'''
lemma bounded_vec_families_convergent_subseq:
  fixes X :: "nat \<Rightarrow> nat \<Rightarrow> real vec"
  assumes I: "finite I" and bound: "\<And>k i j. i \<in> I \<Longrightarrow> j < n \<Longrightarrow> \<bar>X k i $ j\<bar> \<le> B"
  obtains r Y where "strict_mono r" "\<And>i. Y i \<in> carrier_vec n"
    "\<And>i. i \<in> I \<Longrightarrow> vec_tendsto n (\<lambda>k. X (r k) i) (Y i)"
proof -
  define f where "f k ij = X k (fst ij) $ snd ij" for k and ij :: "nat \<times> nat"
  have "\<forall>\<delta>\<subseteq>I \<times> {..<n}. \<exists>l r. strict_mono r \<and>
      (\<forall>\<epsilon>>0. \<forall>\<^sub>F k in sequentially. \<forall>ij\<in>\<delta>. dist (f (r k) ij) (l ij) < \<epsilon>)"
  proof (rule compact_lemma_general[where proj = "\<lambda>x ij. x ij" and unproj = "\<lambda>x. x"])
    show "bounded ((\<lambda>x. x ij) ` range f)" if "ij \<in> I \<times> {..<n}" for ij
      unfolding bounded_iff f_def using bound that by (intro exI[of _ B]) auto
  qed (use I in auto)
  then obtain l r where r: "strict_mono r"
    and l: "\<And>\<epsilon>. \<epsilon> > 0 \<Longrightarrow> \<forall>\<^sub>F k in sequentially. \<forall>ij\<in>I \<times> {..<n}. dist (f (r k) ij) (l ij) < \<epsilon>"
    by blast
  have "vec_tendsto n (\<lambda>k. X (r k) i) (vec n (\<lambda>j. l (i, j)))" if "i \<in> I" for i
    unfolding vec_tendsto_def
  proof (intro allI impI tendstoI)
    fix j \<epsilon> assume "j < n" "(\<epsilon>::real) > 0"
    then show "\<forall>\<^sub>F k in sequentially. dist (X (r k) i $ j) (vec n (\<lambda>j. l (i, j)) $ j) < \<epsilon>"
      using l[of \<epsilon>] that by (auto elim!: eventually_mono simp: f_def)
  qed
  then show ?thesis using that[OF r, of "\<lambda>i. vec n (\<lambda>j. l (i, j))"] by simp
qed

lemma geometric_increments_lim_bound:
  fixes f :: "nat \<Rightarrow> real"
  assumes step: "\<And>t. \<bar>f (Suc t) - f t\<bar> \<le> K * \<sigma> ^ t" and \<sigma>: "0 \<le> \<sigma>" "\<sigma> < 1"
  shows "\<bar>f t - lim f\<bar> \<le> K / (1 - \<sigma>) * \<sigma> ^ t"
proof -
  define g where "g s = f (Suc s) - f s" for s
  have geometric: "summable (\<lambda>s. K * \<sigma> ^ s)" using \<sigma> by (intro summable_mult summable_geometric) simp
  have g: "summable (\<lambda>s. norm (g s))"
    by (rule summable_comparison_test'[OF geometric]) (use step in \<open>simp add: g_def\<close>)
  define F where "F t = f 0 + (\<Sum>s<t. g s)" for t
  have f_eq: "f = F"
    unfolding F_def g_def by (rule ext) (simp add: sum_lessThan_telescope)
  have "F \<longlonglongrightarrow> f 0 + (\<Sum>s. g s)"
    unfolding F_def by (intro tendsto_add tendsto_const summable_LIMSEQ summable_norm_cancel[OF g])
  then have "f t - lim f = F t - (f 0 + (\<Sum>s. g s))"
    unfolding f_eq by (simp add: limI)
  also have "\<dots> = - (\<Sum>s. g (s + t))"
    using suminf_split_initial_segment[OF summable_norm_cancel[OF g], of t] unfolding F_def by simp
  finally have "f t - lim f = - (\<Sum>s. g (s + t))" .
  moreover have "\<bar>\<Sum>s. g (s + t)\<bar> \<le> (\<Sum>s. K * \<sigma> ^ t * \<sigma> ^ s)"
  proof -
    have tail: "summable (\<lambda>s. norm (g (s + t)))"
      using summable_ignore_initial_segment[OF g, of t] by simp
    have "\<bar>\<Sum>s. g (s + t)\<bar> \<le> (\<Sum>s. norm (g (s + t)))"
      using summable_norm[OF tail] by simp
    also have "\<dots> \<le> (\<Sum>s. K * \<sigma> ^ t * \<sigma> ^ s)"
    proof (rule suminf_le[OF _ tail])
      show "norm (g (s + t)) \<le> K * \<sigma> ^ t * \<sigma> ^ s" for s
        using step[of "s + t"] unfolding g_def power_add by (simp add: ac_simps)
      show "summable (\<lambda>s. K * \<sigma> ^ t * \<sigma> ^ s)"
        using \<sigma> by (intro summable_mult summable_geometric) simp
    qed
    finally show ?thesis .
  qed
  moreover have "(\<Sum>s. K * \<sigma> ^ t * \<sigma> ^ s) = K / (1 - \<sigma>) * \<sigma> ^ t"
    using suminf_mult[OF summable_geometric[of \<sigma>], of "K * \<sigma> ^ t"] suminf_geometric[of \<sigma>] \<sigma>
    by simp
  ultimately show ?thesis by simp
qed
'''
Repeat word for word each line from the one with "(\<lambda>s. K * \<sigma> ^ t" to the end of the records above, inclusive.

## Task solution
      show "summable (\<lambda>s. K * \<sigma> ^ t * \<sigma> ^ s)"
        using \<sigma> by (intro summable_mult summable_geometric) simp
    qed
    finally show ?thesis .
  qed
  moreover have "(\<Sum>s. K * \<sigma> ^ t * \<sigma> ^ s) = K / (1 - \<sigma>) * \<sigma> ^ t"
    using suminf_mult[OF summable_geometric[of \<sigma>], of "K * \<sigma> ^ t"] suminf_geometric[of \<sigma>] \<sigma>
    by simp
  ultimately show ?thesis by simp
qed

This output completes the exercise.